The band shifts to a slow, syrupy cover of “Amazed,” and the crowd of 20-somethings in cutoff shorts thins out, heading for the Ferris wheel at the end of the fairway. She tilts her head, hair falling over one shoulder, the sun hitting the thin streak of gray at her temple, and asks if he wants to dance. He hesitates, his throat dry, thinks about all the times he told himself he’d never date anyone, that he’d already had his one good shot at love, that he hadn’t danced with anyone since his wife’s 40th birthday party in 2004. Then he nods.

He rests his calloused hand on her waist, her hand curls around his shoulder, and they sway off-beat, no one watching them but the old guy tending the beer garden.
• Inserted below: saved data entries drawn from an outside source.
(* Let $d\ge2$ and $k\in\{1,\dots,d-1\}$. For every $\tau,\varepsilon>0$ there exists $\eta>0$ such that for every $\tau$-admissible $\mathbf r=(r_1,r_2,r_3)\in(0,\infty)^3$, the closed unit ball $\mathbb B_{d-k}\subset\mathbb R^{d-k}$ admits a measurable partition $\mathbb B_{d-k}=\mathcal G\cup\mathcal B$ with $|\mathcal B|<\varepsilon$ such that for every $x_3'\in\mathcal G$, $$\lambda_{x_3'}\Big\{(x_1',x_2')\in\mathbb B_{d-k}^2:\ \textstyle\sum_{j=1}^3r_jx_j'=0\ \text{and}\ (r_j\phi(x_j'))_{1\le j\le3}\ \text{is }\eta\text{-admissible}\Big\}\ge\eta.$$
   Context: $\phi(t)=(1-|t|^2)^{1/2}$ for $|t|\le1$. A triple of positive reals $(s_j)$ is $\tau$-admissible if $s_i+s_j\ge s_k+\tau\max(s_1,s_2,s_3)$ for every permutation $(i,j,k)$ of $(1,2,3)$. For fixed $x_3'$, $\lambda_{x_3'}$ is the measure on $\{(x_1',x_2')\in(\mathbb R^{d-k})^2: r_1x_1'+r_2x_2'+r_3x_3'=0\}$ given by Lebesgue measure of the projection $(x_1',x_2')\mapsto x_1'$. *)

theory Defs
  imports "HOL-Analysis.Analysis"
begin

definition phi :: "'a::euclidean_space \<Rightarrow> real" where
  "phi t = sqrt (1 - (norm t)\<^sup>2)"

definition admissible :: "real \<Rightarrow> real \<Rightarrow> real \<Rightarrow> real \<Rightarrow> bool" where
  "admissible \<tau> s1 s2 s3 \<longleftrightarrow> s1 > 0 \<and> s2 > 0 \<and> s3 > 0 \<and>
     (let M = max s1 (max s2 s3) in
        s1 + s2 \<ge> s3 + \<tau> * M \<and> s1 + s3 \<ge> s2 + \<tau> * M \<and> s2 + s3 \<ge> s1 + \<tau> * M)"

text \<open>lambda_{x3}(S) for the set S of pairs (x1,x2) in the ball squared with
  r1 x1 + r2 x2 + r3 x3 = 0 and (r_j phi(x_j)) eta-admissible: Lebesgue measure of the
  projection to x1 (x2 is determined by x1).\<close>
definition lam_good :: "real \<Rightarrow> real \<Rightarrow> real \<Rightarrow> real \<Rightarrow> 'a::euclidean_space \<Rightarrow> ennreal" where
  "lam_good \<eta> r1 r2 r3 x3 =
     emeasure lebesgue
       {x1 \<in> cball 0 1. \<exists>x2 \<in> cball 0 1. r1 *\<^sub>R x1 + r2 *\<^sub>R x2 + r3 *\<^sub>R x3 = 0 \<and>
          admissible \<eta> (r1 * phi x1) (r2 * phi x2) (r3 * phi x3)}"

end

theory Submission
  imports Defs
begin

text \<open>
  Choose \<open>\<rho> < 1\<close> so close to 1 that the shell \<open>cball 0 1 - cball 0 \<rho>\<close> has volume below
  \<open>\<epsilon>\<close>, and fix \<open>x3\<close> with \<open>norm x3 \<le> \<rho>\<close>. Let \<open>a\<close> and \<open>b\<close> be minus the cosines of the
  angles opposite \<open>r2\<close> and \<open>r1\<close> in the triangle with sides \<open>r1, r2, r3\<close>. The collinear points
  \<open>a x3\<close>, \<open>b x3\<close>, \<open>x3\<close> satisfy the linear relation, and the triangle with sides
  \<open>r1 phi(a x3), r2 phi(b x3), r3 phi(x3)\<close> has exactly \<open>1 - |x3|\<^sup>2\<close> times the squared area
  of the triangle \<open>r1, r2, r3\<close>. As \<open>\<tau>\<close>-admissibility bounds that area from below, the new
  triangle is admissible with a margin depending only on \<open>\<tau>\<close> and \<open>\<rho>\<close>. Since \<open>phi\<close> is
  Hoelder continuous of order 1/2, half of this margin survives for all \<open>x1\<close> in a ball of
  fixed radius around \<open>a x3\<close> (with \<open>x2\<close> solved from the linear relation), and the volume
  of that ball bounds \<open>\<lambda>\<^sub>x\<^sub>3\<close> from below.
\<close>

section \<open>Heron's product\<close>

text \<open>Sixteen times the squared area of the triangle with sides \<open>s1, s2, s3\<close> (Heron).\<close>

definition heron :: "real \<Rightarrow> real \<Rightarrow> real \<Rightarrow> real" where
  "heron s1 s2 s3 = (s1 + s2 + s3) * (s1 + s2 - s3) * (s1 - s2 + s3) * (- s1 + s2 + s3)"
lemma resid_add_real: "resid a (b + ereal c) = resid a b + ereal c"
proof (rule eq_by_lower_bounds)
  fix l
  have "l \<le> resid a (b + ereal c) \<longleftrightarrow> madd a (l + ereal (-c)) \<le> b"
    by (simp add: madd_le_iff_le_resid[symmetric] ereal_le_add_real_iff madd_add_real)
  also have "\<dots> \<longleftrightarrow> l \<le> resid a b + ereal c"
    by (simp add: madd_le_iff_le_resid ereal_le_add_real_iff)
  finally show "l \<le> resid a (b + ereal c) \<longleftrightarrow> l \<le> resid a b + ereal c" .
qed

definition uniformly_close :: "'a set \<Rightarrow> real \<Rightarrow> ('a \<Rightarrow> ereal) \<Rightarrow> ('a \<Rightarrow> ereal) \<Rightarrow> bool" where
  "uniformly_close X e u v \<longleftrightarrow> (\<forall>x\<in>X. u x \<le> v x + ereal e \<and> v x \<le> u x + ereal e)"

lemma uniformly_close_trans:
  assumes "uniformly_close X e1 u v" "uniformly_close X e2 v w"
  shows "uniformly_close X (e1 + e2) u w"
  unfolding uniformly_close_def
proof (intro ballI conjI)
  fix x assume "x \<in> X"
  with assms have uv: "u x \<le> v x + ereal e1" "v x \<le> u x + ereal e1"
    and vw: "v x \<le> w x + ereal e2" "w x \<le> v x + ereal e2"
    by (auto simp: uniformly_close_def)
  have "u x \<le> w x + ereal e2 + ereal e1"
    using uv(1) vw(1) by (meson add_right_mono order.trans)
  then show "u x \<le> w x + ereal (e1 + e2)"
    by (simp only: ereal_add_real_assoc add.commute[of e2 e1])
  have "w x \<le> u x + ereal e1 + ereal e2"
    using uv(2) vw(2) by (meson add_right_mono order.trans)
  then show "w x \<le> u x + ereal (e1 + e2)"
    by (simp add: ereal_add_real_assoc)
qed

lemma uniformly_close_mono: "uniformly_close X e u v \<Longrightarrow> e \<le> e' \<Longrightarrow> uniformly_close X e' u v"
  unfolding uniformly_close_def by (meson add_left_mono ereal_less_eq(3) order.trans)

lemma uniformly_close_limit:
  assumes "\<And>r. e < r \<Longrightarrow> uniformly_close X r u v"
  shows "uniformly_close X e u v"
  unfolding uniformly_close_def
proof (intro ballI conjI)
  fix x assume "x \<in> X"
  then have "u x \<le> v x + ereal e + ereal \<epsilon> \<and> v x \<le> u x + ereal e + ereal \<epsilon>" if "0 < \<epsilon>" for \<epsilon>
    using assms[of "e + \<epsilon>"] that by (auto simp: uniformly_close_def ereal_add_real_assoc)
  then show "u x \<le> v x + ereal e" "v x \<le> u x + ereal e"
    by (auto intro: ereal_le_epsilon2)
qed

lemma supdist_nonneg: "0 \<le> supdist X u v"
  unfolding supdist_def by (rule Inf_greatest) auto

lemma supdist_le_ereal_iff:
  assumes "0 \<le> e"
  shows "supdist X u v \<le> ereal e \<longleftrightarrow> uniformly_close X e u v"
proof
  assume "uniformly_close X e u v"
  then show "supdist X u v \<le> ereal e"
    unfolding supdist_def using assms
    by (intro Inf_lower) (auto simp: uniformly_close_def madd_ereal_right ereal_add_real_le_iff)
next
  assume le: "supdist X u v \<le> ereal e"
  have "uniformly_close X r u v" if "e < r" for r
  proof -
    have "supdist X u v < ereal r"
      using le that by (simp add: le_less_trans)
    then obtain lam where "0 \<le> lam" "lam < ereal r"
      and lam: "\<forall>x\<in>X. madd (v x) (-lam) \<le> u x \<and> u x \<le> madd (v x) lam"
      unfolding supdist_def by (auto simp: Inf_less_iff)
    then obtain l where "lam = ereal l" "l \<le> r"
      by (cases lam) auto
    with lam have "uniformly_close X l u v"
      by (auto simp: uniformly_close_def madd_ereal_right ereal_add_real_le_iff)
    then show ?thesis
      using \<open>l \<le> r\<close> by (rule uniformly_close_mono)
  qed
  then show "uniformly_close X e u v"
    by (rule uniformly_close_limit)
qed

lemma matdist_eq_supdist:
  "matdist q p A B = supdist {(j, i). j < q \<and> i < p} (case_prod A) (case_prod B)"
  unfolding matdist_def supdist_def by (rule arg_cong[where f = Inf]) auto

lemma matdist_nonneg: "0 \<le> matdist q p A B"
  unfolding matdist_eq_supdist by (rule supdist_nonneg)
lemma relaxation_ge:
  fixes n n' d \<nu> \<nu>' M M' y :: real
  assumes "0 \<le> n" "n \<le> d" "0 \<le> n'" "n' \<le> d" "0 \<le> \<nu>" "0 \<le> \<nu>'" "0 \<le> M" "0 \<le> M'" "0 \<le> y"
  shows "- (\<nu> + \<nu>') * y \<le> \<nu> * n / d * (M - y) + \<nu>' * n' / d * (M' - y)"
proof -
  have weight: "0 \<le> c * k / d \<and> c * k / d \<le> c" if "0 \<le> c" "0 \<le> k" "k \<le> d" for c k :: real
    using that mult_left_mono[OF \<open>k \<le> d\<close> \<open>0 \<le> c\<close>] by (cases "d = 0") (auto simp: divide_le_eq)
  define w w' where "w = \<nu> * n / d" and "w' = \<nu>' * n' / d"
  have "0 \<le> w" "w \<le> \<nu>" "0 \<le> w'" "w' \<le> \<nu>'"
    unfolding w_def w'_def using weight assms by auto
  then have "w * y \<le> \<nu> * y" "w' * y \<le> \<nu>' * y" "0 \<le> w * M" "0 \<le> w' * M'"
    using assms by (simp_all add: mult_right_mono)
  then have "- (\<nu> + \<nu>') * y \<le> w * (M - y) + w' * (M' - y)"
    by (simp add: algebra_simps)
  then show ?thesis
    by (simp add: w_def w'_def)
qed

theorem mainTheorem9:
  fixes f1 f2 :: "real^'n \<Rightarrow> real^'n \<Rightarrow> real \<Rightarrow> real"
    and f10 f20 :: "real^'n \<Rightarrow> real^'n \<Rightarrow> real"
    and Df1 Df2 :: "real^'n \<Rightarrow> real^'n \<Rightarrow> real \<Rightarrow> ((real^'n) \<times> real \<Rightarrow> real)"
    and a :: "'n \<Rightarrow> real"
    and m1 m2 \<epsilon> \<alpha> \<delta> \<gamma> C0 \<nu>11 \<nu>12 \<nu>21 \<nu>22 :: real
  assumes m_pos: "m1 > 0" "m2 > 0"
    and eps: "0 < \<epsilon>" "\<epsilon> \<le> 1"
    and alpha: "0 \<le> \<alpha>" "\<alpha> \<le> 1"
    and delta: "(m1 / m2 * \<epsilon> - 1) / (1 + m1 / m2 * \<epsilon>) \<le> \<delta>" "\<delta> \<le> 1"
    and gamma: "0 \<le> \<gamma>"
      "\<gamma> \<le> m1 / real CARD('n) * (1 - \<delta>) * ((1 + m1 / m2 * \<epsilon>) * \<delta> + 1 - m1 / m2 * \<epsilon>)"
    and periods: "\<forall>i. a i > 0"
    and C0_pos: "C0 > 0"
    and init1: "admissible_initial a C0 f10" and init2: "admissible_initial a C0 f20"
    and init_pos: "\<forall>x v. f10 x v > 0" "\<forall>x v. f20 x v > 0"
    and nu_pos: "\<nu>11 > 0" "\<nu>12 > 0" "\<nu>21 > 0" "\<nu>22 > 0"
    \<comment> \<open>periodicity of the solution\<close>
    and per_sol: "\<forall>v t. periodic_x a (\<lambda>x. f1 x v t)" "\<forall>v t. periodic_x a (\<lambda>x. f2 x v t)"
    \<comment> \<open>classical regularity: continuous for t \<ge> 0, differentiable in (x,t) for t > 0\<close>
    and cont: "\<forall>v. continuous_on (UNIV \<times> {0..}) (\<lambda>p. f1 (fst p) v (snd p))"
              "\<forall>v. continuous_on (UNIV \<times> {0..}) (\<lambda>p. f2 (fst p) v (snd p))"
    and diff: "\<forall>x v t. t > 0 \<longrightarrow> ((\<lambda>p. f1 (fst p) v (snd p)) has_derivative Df1 x v t) (at (x, t))"
              "\<forall>x v t. t > 0 \<longrightarrow> ((\<lambda>p. f2 (fst p) v (snd p)) has_derivative Df2 x v t) (at (x, t))"
    \<comment> \<open>initial condition\<close>
    and ic: "\<forall>x v. f1 x v 0 = f10 x v" "\<forall>x v. f2 x v 0 = f20 x v"
    \<comment> \<open>macroscopic quantities are well defined (so the Maxwellians make sense)\<close>
    and mom: "\<forall>x t. t \<ge> 0 \<longrightarrow> integrable lborel (\<lambda>v. (1 + (norm v)\<^sup>2) * f1 x v t)"
             "\<forall>x t. t \<ge> 0 \<longrightarrow> integrable lborel (\<lambda>v. (1 + (norm v)\<^sup>2) * f2 x v t)"
    and dens_pos: "\<forall>x t. t \<ge> 0 \<longrightarrow> dens (\<lambda>v. f1 x v t) > 0"
                  "\<forall>x t. t \<ge> 0 \<longrightarrow> dens (\<lambda>v. f2 x v t) > 0"
    and temp_pos: "\<forall>x t. t \<ge> 0 \<longrightarrow> temp m1 (\<lambda>v. f1 x v t) > 0"
                  "\<forall>x t. t \<ge> 0 \<longrightarrow> temp m2 (\<lambda>v. f2 x v t) > 0"
    \<comment> \<open>the BGK equations; the transport term is \<partial>_t f + v \<cdot> \<nabla>_x f = Df (v, 1)\<close>
    and eq1: "\<forall>x v t. t > 0 \<longrightarrow>
      (let n1 = dens (\<lambda>w. f1 x w t); n2 = dens (\<lambda>w. f2 x w t);
           uu1 = vel (\<lambda>w. f1 x w t); uu2 = vel (\<lambda>w. f2 x w t);
           TT1 = temp m1 (\<lambda>w. f1 x w t); TT2 = temp m2 (\<lambda>w. f2 x w t)
       in Df1 x v t (v, 1) =
            \<nu>11 * n1 / (n1 + n2) * (maxwellian m1 n1 uu1 TT1 v - f1 x v t)
          + \<nu>12 * n2 / (n1 + n2) *
              (maxwellian m1 n1 (u12 \<delta> uu1 uu2) (T12 \<alpha> \<gamma> uu1 uu2 TT1 TT2) v - f1 x v t))"
    and eq2: "\<forall>x v t. t > 0 \<longrightarrow>
      (let n1 = dens (\<lambda>w. f1 x w t); n2 = dens (\<lambda>w. f2 x w t);
           uu1 = vel (\<lambda>w. f1 x w t); uu2 = vel (\<lambda>w. f2 x w t);
           TT1 = temp m1 (\<lambda>w. f1 x w t); TT2 = temp m2 (\<lambda>w. f2 x w t)
       in Df2 x v t (v, 1) =
            \<nu>22 * n2 / (n1 + n2) * (maxwellian m2 n2 uu2 TT2 v - f2 x v t)
          + \<nu>21 * n1 / (n1 + n2) *
              (maxwellian m2 n2 (u21 m1 m2 \<epsilon> \<delta> uu1 uu2) (T21 m1 m2 \<epsilon> \<alpha> \<delta> \<gamma> uu1 uu2 TT1 TT2) v
               - f2 x v t))"
  shows "\<forall>x v t. t \<ge> 0 \<longrightarrow> f1 x v t > 0 \<and> f2 x v t > 0"
proof (intro allI impI conjI)
  fix x v :: "real^'n" and t :: real
  assume "0 \<le> t"
  have dens_nonneg: "0 \<le> dens (\<lambda>w. f1 y w s)" "0 \<le> dens (\<lambda>w. f2 y w s)" if "0 < s" for y s
    using dens_pos that by (auto intro: less_imp_le)
  have relax1: "- (\<nu>11 + \<nu>12) * f1 y v s \<le> Df1 y v s (v, 1)" if "0 < s" "0 \<le> f1 y v s" for y s
    unfolding eq1[rule_format, OF \<open>0 < s\<close>, unfolded Let_def]
    using dens_nonneg[OF \<open>0 < s\<close>] nu_pos that by (intro relaxation_ge maxwellian_nonneg) auto
  show "0 < f1 x v t"
    using transport_positive[where F = "\<lambda>p. f1 (fst p) v (snd p)" and DF = "\<lambda>y s. Df1 y v s"
        and K = "\<nu>11 + \<nu>12" and v = v, simplified fst_conv snd_conv,
        OF cont(1)[rule_format] diff(1)[rule_format] relax1]
      ic(1) init_pos(1) \<open>0 \<le> t\<close> by simp
  have relax2: "- (\<nu>22 + \<nu>21) * f2 y v s \<le> Df2 y v s (v, 1)" if "0 < s" "0 \<le> f2 y v s" for y s
    unfolding eq2[rule_format, OF \<open>0 < s\<close>, unfolded Let_def]
    using dens_nonneg[OF \<open>0 < s\<close>] nu_pos that by (intro relaxation_ge maxwellian_nonneg) auto
  show "0 < f2 x v t"
    using transport_positive[where F = "\<lambda>p. f2 (fst p) v (snd p)" and DF = "\<lambda>y s. Df2 y v s"
        and K = "\<nu>22 + \<nu>21" and v = v, simplified fst_conv snd_conv,
        OF cont(2)[rule_format] diff(2)[rule_format] relax2]
      ic(2) init_pos(2) \<open>0 \<le> t\<close> by simp
qed

end
(* Let $G$ be a 2-connected simple graph with maximum degree $\Delta(G)$. Then $\phi(G)\ge \lfloor \Delta(G)/2\rfloor$.
   Context: For a graph $G$, $\phi(G)$ is the maximum number of pairwise edge-disjoint cycles in $G$. *)

theory Defs
  imports Main
begin

definition simple_graph :: "'a set \<Rightarrow> 'a set set \<Rightarrow> bool" where
  "simple_graph V E \<longleftrightarrow> finite V \<and>
     (\<forall>e\<in>E. \<exists>u v. u \<noteq> v \<and> u \<in> V \<and> v \<in> V \<and> e = {u, v})"

definition degree :: "'a set set \<Rightarrow> 'a \<Rightarrow> nat" where
  "degree E v = card {e \<in> E. v \<in> e}"

definition max_degree :: "'a set \<Rightarrow> 'a set set \<Rightarrow> nat" where
  "max_degree V E = Max (degree E ` V)"

definition adj :: "'a set set \<Rightarrow> 'a \<Rightarrow> 'a \<Rightarrow> bool" where
  "adj E u v \<longleftrightarrow> {u, v} \<in> E"

definition connected_graph :: "'a set \<Rightarrow> 'a set set \<Rightarrow> bool" where
  "connected_graph V E \<longleftrightarrow> V \<noteq> {} \<and> (\<forall>u\<in>V. \<forall>v\<in>V. (adj E)\<^sup>*\<^sup>* u v)"

definition del_vertex_edges :: "'a set set \<Rightarrow> 'a \<Rightarrow> 'a set set" where
  "del_vertex_edges E x = {e \<in> E. x \<notin> e}"

definition two_connected :: "'a set \<Rightarrow> 'a set set \<Rightarrow> bool" where
  "two_connected V E \<longleftrightarrow> card V \<ge> 3 \<and> connected_graph V E \<and>
     (\<forall>x\<in>V. connected_graph (V - {x}) (del_vertex_edges E x))"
She leans her head against his chest for a second, says she’s been thinking about him ever since he helped her fix her leaky faucet last winter, that he was the only person who ever treated her like she wasn’t just Todd’s wife. He admits he’s thought about her too, that he was scared to say anything because it felt like crossing a line. She pulls back, looks up at him, her fingers brushing the scar on his knuckle, and says the only line that matters is the one between being happy and being miserable for no good reason.

When the song ends, they don’t let go of each other. They walk down the fairway together, his hand brushing hers every few steps, until he laces their fingers together, his calluses rough against her soft skin. He buys her a cone of pink cotton candy at the stand by the Tilt-A-Whirl, and she gets a clump of it stuck on her cheek, pink and sticky. He wipes it off with his thumb, lets his hand rest on her jaw for a second, and she leans into his touch, smiling. The Ferris wheel bell rings off in the distance, kids screaming as the cars dip, and she leans up, kisses him soft, the sweet taste of sugar and coconut on her lips, warm in the July heat.